▶ **What is expected**
In the records below, find the line with "(\<forall>\<alpha> :: nat" and the line with "text \<open>Since the". Print both exactly, along with every line between them, and no other line.

▶ **Data shown**
* * *

(* Let $V$ be a finite set of numeric variables, let $t$ be a linear term over $V$, and let $a \in \mathbb{R} \cup \{-\infty\}$, $b \in \mathbb{R} \cup \{\infty\}$ with $a \leq b$. Let $t' := t[V \mapsto V']$ and $\epsilon > 0$. Define $\mathit{base} := (a \leq t \leq b)$, $\mathit{conc} := \top$, $\mathit{stay} := (a \leq t' \leq b) \lor (t < a \land t \leq t' \leq b) \lor (t > b \land t \geq t' \geq a)$, and $\mathit{step} := (a \leq t' \leq b) \lor (t < a \land t + \epsilon \leq t' \leq b) \lor (t > b \land t - \epsilon \geq t' \geq a)$. Then $(\mathit{base}, \mathit{stay}, \mathit{step}, \mathit{conc})$ is a GAL over $V$.
   Context: The theory $T$ is linear arithmetic. For a set of variables $X$, $\mathcal{A}(X)$ denotes the set of assignments to $X$. $X' = \{x' \mid x \in X\}$ is a disjoint primed copy of $X$; for $\nu \in \mathcal{A}(X)$, $\nu' \in \mathcal{A}(X')$ is given by $\nu'(x') = \nu(x)$; for $\nu_1,\nu_2 \in \mathcal{A}(X)$, $\langle \nu_1,\nu_2\rangle := \nu_1 \uplus \nu_2'$. $\nu \models_T \alpha$ denotes entailment in $T$. $t[V\mapsto V']$ replaces each $v\in V$ by $v'$. A generalized acceleration lemma (GAL) over $V$ is a tuple $(\mathit{base}, \mathit{stay}, \mathit{step}, \mathit{conc})$ of first-order formulas with $\mathit{base}, \mathit{conc}$ having free variables in $V$ and $\mathit{stay}, \mathit{step}$ having free variables in $V \cup V'$, such that: (I) for every sequence $\alpha \in \mathcal{A}(V)^\omega$ with $\alpha[0] \models_T \mathit{conc}$, if (a) for all $i$, $\langle\alpha[i],\alpha[i+1]\rangle \models_T \mathit{step} \lor \mathit{stay}$, and (b) for all $i$ there is $j \ge i$ with $\langle\alpha[j],\alpha[j+1]\rangle \models_T \mathit{step}$, then there is $k$ with $\alpha[k] \models_T \mathit{base}$; and (II) for all $\nu,\nu' \in \mathcal{A}(V)$ with $\nu \models_T \mathit{conc}$ and $\langle \nu,\nu'\rangle \models_T \mathit{step}\lor\mathit{stay}$, we have $\nu' \models_T \mathit{conc}$. Comparisons with $\pm\infty$ are interpreted in the extended reals (e.g. $-\infty \le t$ is always true). *)

theory Defs
  imports Complex_Main "HOL-Library.Extended_Real"
begin

text \<open>Assignments are total maps from variable names to reals; a formula over a finite
variable set V is modelled semantically as a predicate on assignments that only depends
on the values of the variables in V. Two-state formulas (over V and V') take the pair
of the unprimed and primed assignment.\<close>

definition depends_on1 :: "'v set \<Rightarrow> (('v \<Rightarrow> real) \<Rightarrow> bool) \<Rightarrow> bool" where
  "depends_on1 V P \<longleftrightarrow> (\<forall>\<nu> \<mu>. (\<forall>x\<in>V. \<nu> x = \<mu> x) \<longrightarrow> P \<nu> = P \<mu>)"

definition depends_on2 :: "'v set \<Rightarrow> (('v \<Rightarrow> real) \<Rightarrow> ('v \<Rightarrow> real) \<Rightarrow> bool) \<Rightarrow> bool" where
  "depends_on2 V R \<longleftrightarrow> (\<forall>\<nu>1 \<nu>2 \<mu>1 \<mu>2. (\<forall>x\<in>V. \<nu>1 x = \<mu>1 x \<and> \<nu>2 x = \<mu>2 x)
      \<longrightarrow> R \<nu>1 \<nu>2 = R \<mu>1 \<mu>2)"

definition lin_term :: "'v set \<Rightarrow> real \<Rightarrow> ('v \<Rightarrow> real) \<Rightarrow> ('v \<Rightarrow> real) \<Rightarrow> real" where
  "lin_term V c0 c \<nu> = c0 + (\<Sum>x\<in>V. c x * \<nu> x)"

definition is_GAL ::
  "'v set \<Rightarrow> (('v \<Rightarrow> real) \<Rightarrow> bool) \<Rightarrow> (('v \<Rightarrow> real) \<Rightarrow> ('v \<Rightarrow> real) \<Rightarrow> bool)
     \<Rightarrow> (('v \<Rightarrow> real) \<Rightarrow> ('v \<Rightarrow> real) \<Rightarrow> bool) \<Rightarrow> (('v \<Rightarrow> real) \<Rightarrow> bool) \<Rightarrow> bool" where
  "is_GAL V base stay step conc \<longleftrightarrow>
     depends_on1 V base \<and> depends_on1 V conc \<and> depends_on2 V stay \<and> depends_on2 V step \<and>
     (\<forall>\<alpha> :: nat \<Rightarrow> ('v \<Rightarrow> real).
        conc (\<alpha> 0) \<and>
        (\<forall>i. step (\<alpha> i) (\<alpha> (Suc i)) \<or> stay (\<alpha> i) (\<alpha> (Suc i))) \<and>
        (\<forall>i. \<exists>j\<ge>i. step (\<alpha> j) (\<alpha> (Suc j)))
        \<longrightarrow> (\<exists>k. base (\<alpha> k))) \<and>
     (\<forall>\<nu> \<nu>'. conc \<nu> \<and> (step \<nu> \<nu>' \<or> stay \<nu> \<nu>') \<longrightarrow> conc \<nu>')"

end

theory Submission
  imports Defs
begin

text \<open>Since the conclusion is trivial, only the termination condition of a GAL has content, and
it concerns the real sequence of values of \<open>t\<close> alone. Outside \<open>[a, b]\<close> every transition keeps
the value on the same side of the interval and moves it monotonically towards it, by at least
\<open>\<epsilon>\<close> at each of the infinitely many \<open>step\<close> transitions. A sequence that never enters \<open>[a, b]\<close>
would therefore be monotone with infinitely many jumps of size \<open>\<epsilon>\<close>, hence unbounded, while
staying below the finite bound \<open>a\<close> (or above the finite bound \<open>b\<close>).\<close>

definition ereal_between :: "ereal \<Rightarrow> ereal \<Rightarrow> real \<Rightarrow> bool" where
  "ereal_between a b x \<longleftrightarrow> a \<le> ereal x \<and> ereal x \<le> b"

definition toward_interval :: "ereal \<Rightarrow> ereal \<Rightarrow> real \<Rightarrow> real \<Rightarrow> real \<Rightarrow> bool" where
  "toward_interval a b \<delta> x y \<longleftrightarrow> ereal_between a b y
     \<or> (ereal x < a \<and> x + \<delta> \<le> y \<and> ereal y \<le> b)
     \<or> (ereal x > b \<and> x - \<delta> \<ge> y \<and> ereal y \<ge> a)"

lemma toward_interval_mono:
  "\<delta> \<le> \<delta>' \<Longrightarrow> toward_interval a b \<delta>' x y \<Longrightarrow> toward_interval a b \<delta> x y"
  unfolding toward_interval_def by auto

lemma ereal_between_uminus:
  "ereal_between (- b) (- a) (- x) \<longleftrightarrow> ereal_between a b x"
  unfolding ereal_between_def by (auto simp flip: uminus_ereal.simps)

lemma toward_interval_uminus:
  "toward_interval (- b) (- a) \<delta> (- x) (- y) \<longleftrightarrow> toward_interval a b \<delta> x y"
  unfolding toward_interval_def ereal_between_def
  by (auto simp flip: uminus_ereal.simps)

lemma toward_interval_from_below:
  assumes "ereal x < a" "a \<le> b" "\<not> ereal_between a b y" "toward_interval a b \<delta> x y"
  shows "ereal y < a \<and> x + \<delta> \<le> y"
  using assms unfolding toward_interval_def ereal_between_def by (auto simp: not_le)

lemma incseq_frequent_jumps_unbounded:
  fixes f :: "nat \<Rightarrow> real"
  assumes "incseq f" "\<epsilon> > 0" and jumps: "\<And>i. \<exists>j\<ge>i. f j + \<epsilon> \<le> f (Suc j)"
  shows "\<exists>i. B \<le> f i"
proof -
  have "\<exists>i. f 0 + real n * \<epsilon> \<le> f i" for n
  proof (induction n)
    case 0
    show ?case by auto
  next
    case (Suc n)
    then obtain i where i: "f 0 + real n * \<epsilon> \<le> f i" by blast
    obtain j where "j \<ge> i" "f j + \<epsilon> \<le> f (Suc j)" using jumps by blast
    moreover from \<open>j \<ge> i\<close> have "f i \<le> f j" using \<open>incseq f\<close> by (simp add: incseq_def)
    ultimately have "f 0 + real (Suc n) * \<epsilon> \<le> f (Suc j)" using i by (simp add: algebra_simps)
    then show ?case by blast
  qed
  moreover obtain n where "B - f 0 < real n * \<epsilon>"
    using reals_Archimedean3 \<open>\<epsilon> > 0\<close> by blast
  ultimately obtain i where "f 0 + real n * \<epsilon> \<le> f i" by blast
  with \<open>B - f 0 < real n * \<epsilon>\<close> have "B \<le> f i" by linarith
  then show ?thesis ..
qed

lemma toward_interval_reaches_interval_from_below:
  fixes x :: "nat \<Rightarrow> real"
  assumes "a \<noteq> \<infinity>" "a \<le> b" "\<epsilon> > 0" "ereal (x 0) < a"
    and moves: "\<And>i. toward_interval a b 0 (x i) (x (Suc i))"
    and steps: "\<And>i. \<exists>j\<ge>i. toward_interval a b \<epsilon> (x j) (x (Suc j))"
  shows "\<exists>k. ereal_between a b (x k)"
proof (rule ccontr)
  assume "\<nexists>k. ereal_between a b (x k)"
  then have outside: "\<not> ereal_between a b (x i)" for i by blast
  have below: "ereal (x i) < a" for i
  proof (induction i)
    case 0
    show ?case using \<open>ereal (x 0) < a\<close> .
  next
    case (Suc i)
    then show ?case using toward_interval_from_below[OF _ \<open>a \<le> b\<close> outside moves] by blast
  qed
  have "incseq x"
    using toward_interval_from_below[OF below \<open>a \<le> b\<close> outside moves] by (simp add: incseq_SucI)
  moreover have "\<exists>j\<ge>i. x j + \<epsilon> \<le> x (Suc j)" for i
    using steps[of i] toward_interval_from_below[OF below \<open>a \<le> b\<close> outside] by blast
  moreover obtain A where "a = ereal A"
    using \<open>a \<noteq> \<infinity>\<close> below[of 0] by (cases a) auto
  ultimately obtain i where "A \<le> x i"
    using incseq_frequent_jumps_unbounded \<open>\<epsilon> > 0\<close> by blast
  with below[of i] \<open>a = ereal A\<close> show False by simp
qed

lemma toward_interval_reaches_interval:
  fixes x :: "nat \<Rightarrow> real"
  assumes "a \<noteq> \<infinity>" "b \<noteq> -\<infinity>" "a \<le> b" "\<epsilon> > 0"
    and moves: "\<And>i. toward_interval a b 0 (x i) (x (Suc i))"
    and steps: "\<And>i. \<exists>j\<ge>i. toward_interval a b \<epsilon> (x j) (x (Suc j))"
  shows "\<exists>k. ereal_between a b (x k)"
proof -
  consider "ereal_between a b (x 0)" | "ereal (x 0) < a" | "ereal (x 0) > b"
    unfolding ereal_between_def by fastforce
  then show ?thesis
  proof cases
    case 1
    then show ?thesis by blast
  next
    case 2
    then show ?thesis
      using toward_interval_reaches_interval_from_below assms by blast
  next
    case 3
    then have "ereal (- x 0) < - b"
      by (simp flip: uminus_ereal.simps)
    moreover have "- b \<noteq> \<infinity>" using \<open>b \<noteq> -\<infinity>\<close> by (cases b) auto
    moreover have "- b \<le> - a" using \<open>a \<le> b\<close> by simp
    ultimately have "\<exists>k. ereal_between (- b) (- a) (- x k)"
      using toward_interval_reaches_interval_from_below[of "- b" "- a" \<epsilon> "\<lambda>i. - x i"]
        \<open>\<epsilon> > 0\<close> moves steps by (simp add: toward_interval_uminus)
    then show ?thesis by (simp add: ereal_between_uminus)
  qed
qed

lemma is_GAL_trivial_concI:
  fixes t :: "('v \<Rightarrow> real) \<Rightarrow> 'a"
  assumes t_cong: "\<And>\<nu> \<mu>. \<forall>x\<in>V. \<nu> x = \<mu> x \<Longrightarrow> t \<nu> = t \<mu>"
    and reaches: "\<And>x :: nat \<Rightarrow> 'a. \<forall>i. Step (x i) (x (Suc i)) \<or> Stay (x i) (x (Suc i)) \<Longrightarrow>
      \<forall>i. \<exists>j\<ge>i. Step (x j) (x (Suc j)) \<Longrightarrow> \<exists>k. Base (x k)"
  shows "is_GAL V (\<lambda>\<nu>. Base (t \<nu>)) (\<lambda>\<nu> \<nu>'. Stay (t \<nu>) (t \<nu>')) (\<lambda>\<nu> \<nu>'. Step (t \<nu>) (t \<nu>'))
    (\<lambda>\<nu>. True)"
proof -
  have "depends_on1 V (\<lambda>\<nu>. Base (t \<nu>))"
    unfolding depends_on1_def using t_cong by metis
  moreover have "depends_on2 V (\<lambda>\<nu> \<nu>'. R (t \<nu>) (t \<nu>'))" for R :: "'a \<Rightarrow> 'a \<Rightarrow> bool"
    unfolding depends_on2_def using t_cong by metis
  moreover have "\<exists>k. Base (t (\<alpha> k))"
    if "\<forall>i. Step (t (\<alpha> i)) (t (\<alpha> (Suc i))) \<or> Stay (t (\<alpha> i)) (t (\<alpha> (Suc i)))"
      "\<forall>i. \<exists>j\<ge>i. Step (t (\<alpha> j)) (t (\<alpha> (Suc j)))" for \<alpha> :: "nat \<Rightarrow> 'v \<Rightarrow> real"
    using reaches[of "\<lambda>i. t (\<alpha> i)"] that by blast
  ultimately show ?thesis
    unfolding is_GAL_def depends_on1_def by blast
qed

lemma lin_term_cong:
  "\<forall>x\<in>V. \<nu> x = \<mu> x \<Longrightarrow> lin_term V c0 c \<nu> = lin_term V c0 c \<mu>"
  unfolding lin_term_def by (auto intro!: sum.cong)

theorem lemma5:
  fixes V :: "'v set" and c0 :: real and c :: "'v \<Rightarrow> real"
    and a b :: ereal and \<epsilon> :: real
  assumes "finite V"
    and "a \<noteq> \<infinity>" and "b \<noteq> -\<infinity>" and "a \<le> b"
    and "\<epsilon> > 0"
  shows "is_GAL V
    (\<lambda>\<nu>. a \<le> ereal (lin_term V c0 c \<nu>) \<and> ereal (lin_term V c0 c \<nu>) \<le> b)
    (\<lambda>\<nu> \<nu>'. (a \<le> ereal (lin_term V c0 c \<nu>') \<and> ereal (lin_term V c0 c \<nu>') \<le> b)
       \<or> (ereal (lin_term V c0 c \<nu>) < a \<and> lin_term V c0 c \<nu> \<le> lin_term V c0 c \<nu>'
           \<and> ereal (lin_term V c0 c \<nu>') \<le> b)
       \<or> (ereal (lin_term V c0 c \<nu>) > b \<and> lin_term V c0 c \<nu> \<ge> lin_term V c0 c \<nu>'
           \<and> ereal (lin_term V c0 c \<nu>') \<ge> a))
    (\<lambda>\<nu> \<nu>'. (a \<le> ereal (lin_term V c0 c \<nu>') \<and> ereal (lin_term V c0 c \<nu>') \<le> b)
       \<or> (ereal (lin_term V c0 c \<nu>) < a \<and> lin_term V c0 c \<nu> + \<epsilon> \<le> lin_term V c0 c \<nu>'
           \<and> ereal (lin_term V c0 c \<nu>') \<le> b)
       \<or> (ereal (lin_term V c0 c \<nu>) > b \<and> lin_term V c0 c \<nu> - \<epsilon> \<ge> lin_term V c0 c \<nu>'
           \<and> ereal (lin_term V c0 c \<nu>') \<ge> a))
    (\<lambda>\<nu>. True)"
proof -
  let ?t = "lin_term V c0 c"
  have "is_GAL V (\<lambda>\<nu>. ereal_between a b (?t \<nu>))
    (\<lambda>\<nu> \<nu>'. toward_interval a b 0 (?t \<nu>) (?t \<nu>'))
    (\<lambda>\<nu> \<nu>'. toward_interval a b \<epsilon> (?t \<nu>) (?t \<nu>')) (\<lambda>\<nu>. True)"
  proof (rule is_GAL_trivial_concI[OF lin_term_cong])
    fix x :: "nat \<Rightarrow> real"
    assume moves: "\<forall>i. toward_interval a b \<epsilon> (x i) (x (Suc i)) \<or> toward_interval a b 0 (x i) (x (Suc i))"
      and steps: "\<forall>i. \<exists>j\<ge>i. toward_interval a b \<epsilon> (x j) (x (Suc j))"
    have "toward_interval a b 0 (x i) (x (Suc i))" for i
      using moves toward_interval_mono[of 0 \<epsilon>] \<open>\<epsilon> > 0\<close> by (meson less_imp_le)
    then show "\<exists>k. ereal_between a b (x k)"
      using toward_interval_reaches_interval[OF assms(2-5)] steps by blast
  qed
  then show ?thesis
    by (simp only: ereal_between_def toward_interval_def add_0_right diff_0_right)
qed

end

* * *

▶ **Your response**
     (\<forall>\<alpha> :: nat \<Rightarrow> ('v \<Rightarrow> real).
        conc (\<alpha> 0) \<and>
        (\<forall>i. step (\<alpha> i) (\<alpha> (Suc i)) \<or> stay (\<alpha> i) (\<alpha> (Suc i))) \<and>
        (\<forall>i. \<exists>j\<ge>i. step (\<alpha> j) (\<alpha> (Suc j)))
        \<longrightarrow> (\<exists>k. base (\<alpha> k))) \<and>
     (\<forall>\<nu> \<nu>'. conc \<nu> \<and> (step \<nu> \<nu>' \<or> stay \<nu> \<nu>') \<longrightarrow> conc \<nu>')"

end

theory Submission
  imports Defs
begin

text \<open>Since the conclusion is trivial, only the termination condition of a GAL has content, and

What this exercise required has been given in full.